The Walkerville Weekly Reader

National Desk: Hard-hitting journalism from your completely un-biased (pinky swear!) reporters in Walkerville, VA.

Walkerville, VA
Monday, July 8, 2024
Carolyn Purcell, Editor

American missionary family saved from fate worse than death

Infant killing saved child from fate worse than death, say Republican drug war supporters.

In the wake of the shooting down of a missionary plane by Peruvian and U.S. drug enforcement teams, Republicans are complaining that not enough is being done to understand the good side of the shooting, and are calling for restoring the anti-drug air interdiction program.

“I strongly support the Peruvians in their anti-narcotics efforts,” said Republican John Mica of Florida. “Drug couriers and drug kingpins look just like normal people. If we are to successfully fight the drug war, we must take down people that look normal. That means that there will be some innocent casualties. We must fight on; these were martyrs for the drug war, and we will create more martyrs before we win!”

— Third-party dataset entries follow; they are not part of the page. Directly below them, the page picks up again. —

(* Let $p:\mathbb R^{n\times k}\to\mathbb R$ be a polynomial invariant under all permutations of the last $n-1$ rows of $\mathbf X=(\mathbf x_1,\dots,\mathbf x_n)^T$. Then $$p(\mathbf X)=\sum_{\alpha\in\mathbb N^k,\ |\alpha|\le n}\mathbf x_1^\alpha\,q_\alpha(\mathbf X),$$ where each $q_\alpha:\mathbb R^{n\times k}\to\mathbb R$ is a polynomial invariant under all permutations of the rows of $\mathbf X$ (i.e. $S_n$-invariant).
   Context: For $\mathbf x\in\mathbb R^k$ and $\alpha\in\mathbb N^k$, $\mathbf x^\alpha=x_1^{\alpha_1}\cdots x_k^{\alpha_k}$ and $|\alpha|=\sum_i\alpha_i$. $S_n$ acts on $\mathbf X\in\mathbb R^{n\times k}$ by permuting rows. *)

theory Defs
  imports Complex_Main "HOL-Combinatorics.Permutations"
begin

text \<open>Matrices X in R^(n x k) are modelled as functions nat => nat => real;
  row i (0-based, i < n), column j (j < k). Row 0 is x_1.\<close>

definition monomial_mat :: "nat \<Rightarrow> nat \<Rightarrow> (nat \<Rightarrow> nat \<Rightarrow> nat) \<Rightarrow> (nat \<Rightarrow> nat \<Rightarrow> real) \<Rightarrow> real" where
  "monomial_mat n k A X = (\<Prod>i<n. \<Prod>j<k. X i j ^ A i j)"

definition poly_fun :: "nat \<Rightarrow> nat \<Rightarrow> ((nat \<Rightarrow> nat \<Rightarrow> real) \<Rightarrow> real) \<Rightarrow> bool" where
  "poly_fun n k p \<longleftrightarrow> (\<exists>S c. finite S \<and> (\<forall>X. p X = (\<Sum>A\<in>S. c A * monomial_mat n k A X)))"

definition permute_rows :: "(nat \<Rightarrow> nat) \<Rightarrow> (nat \<Rightarrow> nat \<Rightarrow> real) \<Rightarrow> (nat \<Rightarrow> nat \<Rightarrow> real)" where
  "permute_rows \<sigma> X = (\<lambda>i j. X (\<sigma> i) j)"

definition row_perm_invariant :: "nat set \<Rightarrow> ((nat \<Rightarrow> nat \<Rightarrow> real) \<Rightarrow> real) \<Rightarrow> bool" where
  "row_perm_invariant R p \<longleftrightarrow> (\<forall>\<sigma> X. \<sigma> permutes R \<longrightarrow> p (permute_rows \<sigma> X) = p X)"

end

theory Submission
  imports Defs
begin

text \<open>Let A(D) be the algebra generated by the S_n-invariant polynomials and the
  entries of the rows in D; every polynomial lies in A({..<n}). Suppose f in A(D + {d}) is
  invariant under the transpositions (d u) for all rows u in the complement U of D. Writing
  f = sum_beta x_d^beta g_beta with g_beta in A(D) and averaging over these transpositions gives
  f = |U|^-1 sum_beta g_beta (sum_{u in U} x_u^beta), and this partial power sum is a full power
  sum minus monomials in the rows of D, so f is in A(D). Removing the rows n - 1, ..., 1 in turn
  (all but row 0, which is x_1) leaves p = sum_beta x_1^beta g_beta with symmetric g_beta.

  It remains to bring the degree in x_1 down to at most n. For colours c_1, ..., c_n < k the sum
  over tau in S_n of prod_t (x_{1,c_t} - x_{tau(t),c_t}) vanishes, because every tau maps some t
  to the first row. Expanding the products writes n! x_{1,c_1} ... x_{1,c_n} as a combination,
  with S_n-invariant coefficients, of products of fewer entries of the first row; induction on
  the degree finishes the proof.\<close>

section \<open>Polynomial functions and their symmetrizations\<close>

lemma poly_funI:
  assumes "finite I" "\<And>X. f X = (\<Sum>i\<in>I. c i * monomial_mat n k (A i) X)"
  shows "poly_fun n k f"
proof -
  have "f X = (\<Sum>B\<in>A ` I. (\<Sum>i\<in>{i\<in>I. A i = B}. c i) * monomial_mat n k B X)" for X
  proof -
    have "f X = (\<Sum>B\<in>A ` I. \<Sum>i\<in>{i\<in>I. A i = B}. c i * monomial_mat n k (A i) X)"
      unfolding assms(2) using assms(1) by (intro sum.group[symmetric]) auto
    also have "\<dots> = (\<Sum>B\<in>A ` I. (\<Sum>i\<in>{i\<in>I. A i = B}. c i) * monomial_mat n k B X)"
      by (auto simp: sum_distrib_right intro!: sum.cong)
    finally show ?thesis .
  qed
  then show ?thesis
    unfolding poly_fun_def using finite_imageI[OF assms(1)]
    by (intro exI[of _ "A ` I"] exI[of _ "\<lambda>B. \<Sum>i\<in>{i\<in>I. A i = B}. c i"]) auto
qed

lemma poly_fun_const: "poly_fun n k (\<lambda>X. a)"
  by (rule poly_funI[of "{()}" _ "\<lambda>_. a" _ _ "\<lambda>_ _ _. 0"]) (simp_all add: monomial_mat_def)

lemma poly_fun_var:
  assumes "i < n" "j < k"
  shows "poly_fun n k (\<lambda>X. X i j)"
proof (rule poly_funI[of "{()}" _ "\<lambda>_. 1" _ _ "\<lambda>_ i' j'. if i' = i \<and> j' = j then 1 else 0"])
  fix X :: "nat \<Rightarrow> nat \<Rightarrow> real"
  have "monomial_mat n k (\<lambda>i' j'. if i' = i \<and> j' = j then 1 else 0) X =
        (\<Prod>i'<n. \<Prod>j'<k. if i' = i \<and> j' = j then X i' j' else 1)"
    unfolding monomial_mat_def by (intro prod.cong) auto
  also have "\<dots> = (\<Prod>i'<n. if i' = i then X i j else 1)"
    using assms by (intro prod.cong) (auto simp: prod.delta)
  also have "\<dots> = X i j"
    using assms by (simp add: prod.delta)
  finally show "X i j = (\<Sum>_\<in>{()}. 1 * monomial_mat n k (\<lambda>i' j'. if i' = i \<and> j' = j then 1 else 0) X)"
    by simp
qed simp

He added that shooting down the plane may have been a good thing for the infant who was killed. “We are never going to win this war by allowing civil rights and being nice to people. If that means missionaries and children die, that’s a small price to pay to win the drug war. It could have been a lot worse. What if those people had landed in Peru and become addicted to crack cocaine? Then where would they be? Shooting them down was a compassionate act compared to that. The Peruvian military should be commended for saving the child from a fate worse than death.”

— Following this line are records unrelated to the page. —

lemma coeff0_pmat_prod_nonzero:
  fixes L :: "((('a::idom poly)^'n^'n) \<times> ('a^'n^'n)) list"
  assumes "L \<noteq> []"
    and "\<forall>(H, C)\<in>set L. coeff0_pmat H $r$s * C$s$r \<noteq> 0 \<and> (\<forall>i j. (i \<noteq> r \<or> j \<noteq> s) \<longrightarrow> coeff0_pmat H $i$j = 0)"
  shows "coeff0_pmat (pmat_prod L) $r$r \<noteq> 0 \<and> (\<forall>i j. i \<noteq> r \<longrightarrow> coeff0_pmat (pmat_prod L) $i$j = 0)"
  using assms
proof (induction L)
  case (Cons p L)
  obtain H C where p: "p = (H, C)" by fastforce
  have H: "coeff0_pmat H $r$s * C$s$r \<noteq> 0" "\<forall>i j. (i \<noteq> r \<or> j \<noteq> s) \<longrightarrow> coeff0_pmat H $i$j = 0"
    using Cons.prems p by auto
  define W where "W = coeff0_pmat H ** C"
  have W_r: "W$r$j = coeff0_pmat H $r$s * C$s$j" for j
    unfolding W_def by (rule mat_mult_nth_single) (use H in auto)
  have W_i: "i \<noteq> r \<Longrightarrow> W$i$j = 0" for i j
    unfolding W_def matrix_matrix_mult_def using H by simp
  have prod: "coeff0_pmat (pmat_prod (p # L)) = W ** coeff0_pmat (pmat_prod L)"
    by (simp add: p W_def coeff0_pmat_mult matrix_mul_assoc)
  have "i \<noteq> r \<Longrightarrow> coeff0_pmat (pmat_prod (p # L)) $i$j = 0" for i j
    unfolding prod matrix_matrix_mult_def using W_i by simp
  moreover have "coeff0_pmat (pmat_prod (p # L)) $r$r \<noteq> 0"
  proof (cases "L = []")
    case True
    then show ?thesis using prod W_r H by (simp add: mat_one_nth)
  next
    case False
    then have IH: "coeff0_pmat (pmat_prod L) $r$r \<noteq> 0" "\<forall>i j. i \<noteq> r \<longrightarrow> coeff0_pmat (pmat_prod L) $i$j = 0"
      using Cons by auto
    have "(W ** coeff0_pmat (pmat_prod L))$r$r = W$r$r * coeff0_pmat (pmat_prod L) $r$r"
      by (rule mat_mult_nth_single) (use IH in auto)
    then show ?thesis using prod W_r IH H by simp
  qed
  ultimately show ?case by blast
qed simp

lemma conj_alternating_product:
  fixes D D' :: "'a::comm_ring_1^'n^'n"
  assumes "D' ** D = mat 1"
  shows "D' ** foldr (\<lambda>(H, C) M. H ** (D ** C ** D') ** M) L (mat 1) ** D =
    foldr (\<lambda>(H, C) M. (D' ** H ** D) ** C ** M) L (mat 1)"
proof (induction L)
  case (Cons p L)
  obtain H C where p: "p = (H, C)" by fastforce
  have "D' ** (H ** (D ** C ** D') ** foldr (\<lambda>(H, C) M. H ** (D ** C ** D') ** M) L (mat 1)) ** D =
    (D' ** H ** D) ** C ** (D' ** foldr (\<lambda>(H, C) M. H ** (D ** C ** D') ** M) L (mat 1) ** D)"
    by (simp only: matrix_mul_assoc)
  then show ?case using Cons p by simp
qed (use assms in simp)

lemma path_edge_iff:
  "path_edge g h \<longleftrightarrow> (g, h) \<in> {(Gg, Qg), (Qg, Gg), (Qg, Pg), (Pg, Qg), (Pg, Fg), (Fg, Pg)}"
  by (cases g; cases h) (auto simp: path_edge_def doubleton_eq_iff)

locale path_raag_setting =
  fixes a b c d al be ga de lm ph :: "'a::field"
  assumes det1: "a * d - b * c \<noteq> 0"
    and det2: "al * de - be * ga \<noteq> 0"
    and lam: "lm \<noteq> 0"
    and hyp1: "\<forall>n::nat. n \<ge> 1 \<longrightarrow>
                 (mat_pow (mat2 al be ga de) n) $ 1 $ 2 \<noteq> 0 \<and> (mat_pow (mat2 al be ga de) n) $ 2 $ 1 \<noteq> 0"
    and hyp2_free: "free_on (gens2 a b c d lm)"
    and hyp2_top: "\<forall>w. (word_eval (gens2 a b c d lm) w) $ 1 $ 1 = 1 \<longrightarrow>
                        word_eval (gens2 a b c d lm) w = mat 1"
    and trans: "transcendental_over {a, b, c, d, al, be, ga, de, lm} ph"
begin

abbreviation "\<rho> \<equiv> rep a b c d al be ga de lm ph"
abbreviation "\<sigma> \<equiv> gens2 a b c d lm"
abbreviation "K \<equiv> subfield_gen {a, b, c, d, al, be, ga, de, lm}"
abbreviation "FF \<equiv> F0 al be ga de"
abbreviation "FI \<equiv> F0_inv al be ga de"
abbreviation "DD \<equiv> Dmat ph"
abbreviation "DI \<equiv> Dmat_inv ph"

lemma ph_nonzero: "ph \<noteq> 0"
  using transcendental_over_nonzero[OF trans] .

lemmas FF_inverse = F0_inverse[OF det2]
lemmas DD_inverse = Dmat_inverse[OF ph_nonzero]

lemma matrix_inv_FF: "matrix_inv FF = FI"
  by (rule matrix_inv_unique[OF FF_inverse])

lemma matrix_inv_DD: "matrix_inv DD = DI"
  by (rule matrix_inv_unique[OF DD_inverse])

text \<open>The images of G, Q, P before conjugation by F0 (P0 commutes with F0); the value at F is junk.\<close>

definition rep0 :: "gen \<Rightarrow> 'a^3^3" where
  "rep0 g = (case g of Gg \<Rightarrow> G0 a b c d | Qg \<Rightarrow> Q0 lm | Pg \<Rightarrow> P0 lm | Fg \<Rightarrow> mat 1)"

definition rep0_inv :: "gen \<Rightarrow> 'a^3^3" where
  "rep0_inv g = (let \<delta> = a * d - b * c in case g of
      Gg \<Rightarrow> G0 (d / \<delta>) (- b / \<delta>) (- c / \<delta>) (a / \<delta>)
    | Qg \<Rightarrow> Q0 (inverse lm) | Pg \<Rightarrow> P0 (inverse lm) | Fg \<Rightarrow> mat 1)"

lemma rep0_inverse: "rep0 g ** rep0_inv g = mat 1" "rep0_inv g ** rep0 g = mat 1"
  using G0_inverse[OF HOL.refl det1] Q0_inverse[OF lam] P0_inverse[OF lam]
  by (cases g; simp add: rep0_def rep0_inv_def Let_def)+

lemma matrix_inv_rep0: "matrix_inv (rep0 g) = rep0_inv g"
  by (rule matrix_inv_unique[OF rep0_inverse])

lemma rep_Pg: "\<rho> Pg = P0 lm"
  by (simp add: rep_def)

lemma rep_eq:
  "g \<noteq> Fg \<Longrightarrow> \<rho> g = FF ** rep0 g ** FI"
  "\<rho> Fg = DD ** FF ** DI"
proof -
  have "FF ** P0 lm ** FI = P0 lm ** (FF ** FI)"
    by (simp add: P0_F0_commute matrix_mul_assoc)
  then have "FF ** P0 lm ** FI = P0 lm"
    using FF_inverse(1) by simp
  then show "g \<noteq> Fg \<Longrightarrow> \<rho> g = FF ** rep0 g ** FI"
    by (cases g) (simp_all add: rep_def rep0_def matrix_inv_FF)
qed (simp add: rep_def matrix_inv_DD)

lemma invertible_rep: "invertible (\<rho> g)"
  and matrix_inv_rep:
    "matrix_inv (\<rho> g) = (if g = Fg then DD ** FI ** DI else FF ** rep0_inv g ** FI)"
  using matrix_inv_conj[OF DD_inverse FF_inverse] matrix_inv_conj[OF FF_inverse rep0_inverse, of g]
  by (cases "g = Fg"; simp add: rep_eq)+

lemma rep_commute:
  assumes "path_edge g h"
  shows "\<rho> g ** \<rho> h = \<rho> h ** \<rho> g"
proof -
  have conj_commute: "(FF ** A ** FI) ** (FF ** B ** FI) = (FF ** B ** FI) ** (FF ** A ** FI)"
    if "A ** B = B ** A" for A B
  proof -
    have "(FF ** A ** FI) ** (FF ** B ** FI) = FF ** A ** (FI ** FF) ** B ** FI"
      by (simp add: matrix_mul_assoc)
    also have "\<dots> = FF ** (A ** B) ** FI" using FF_inverse(2) by (simp add: matrix_mul_assoc)
    also have "\<dots> = FF ** (B ** A) ** FI" using that by simp
    also have "\<dots> = FF ** B ** (FI ** FF) ** A ** FI" using FF_inverse(2) by (simp add: matrix_mul_assoc)
    finally show ?thesis by (simp add: matrix_mul_assoc)
  qed
  have GQ: "\<rho> Gg ** \<rho> Qg = \<rho> Qg ** \<rho> Gg"
    using conj_commute[OF G0_Q0_commute] by (simp add: rep_eq rep0_def)
  have QP: "\<rho> Qg ** \<rho> Pg = \<rho> Pg ** \<rho> Qg"
    using conj_commute[OF Q0_P0_commute] by (simp add: rep_eq rep0_def)
  have PF: "\<rho> Pg ** \<rho> Fg = \<rho> Fg ** \<rho> Pg"
  proof -
    have "P0 lm ** DI = DI ** P0 lm"
      by (rule commute_inverse[OF DD_inverse P0_Dmat_commute])
    then have "P0 lm ** (DD ** FF ** DI) = DD ** FF ** DI ** P0 lm"
      by (simp add: matrix_mul_assoc P0_Dmat_commute) (simp add: matrix_mul_assoc[symmetric] P0_F0_commute)
    then show ?thesis by (simp only: rep_eq(2) rep_Pg)
  qed
  show ?thesis
    using assms GQ QP PF unfolding path_edge_iff by auto
qed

Another official said anonymously that the couple flying the plane were clearly attempting not to look like drug smugglers. “They were flying straight, level, and at a reasonably high altitude instead of staying low and skirting the border,” said a state department official. “This is classic drug smuggler behavior: they were trying not to look like a drug smuggler.”

Representative Mark Souder, Republican from Indiana, agreed, and complained to State Department anti-drug official John Crow that “not enough has been done to show that this was a valid shoot-down. We’re conservative Republicans who have carried the ball here for the drug war, but you’re making it very difficult for us. Can’t you at least plant some cocaine on them afterwards to make it look like they really were drug-runners?” Crow replied that while that might be “an easy thing to do in the United States when stopping motorists or pedestrians,” it can be more difficult “when shooting planes down into the Amazon jungle. Sometimes we don’t get to the wreckage first.”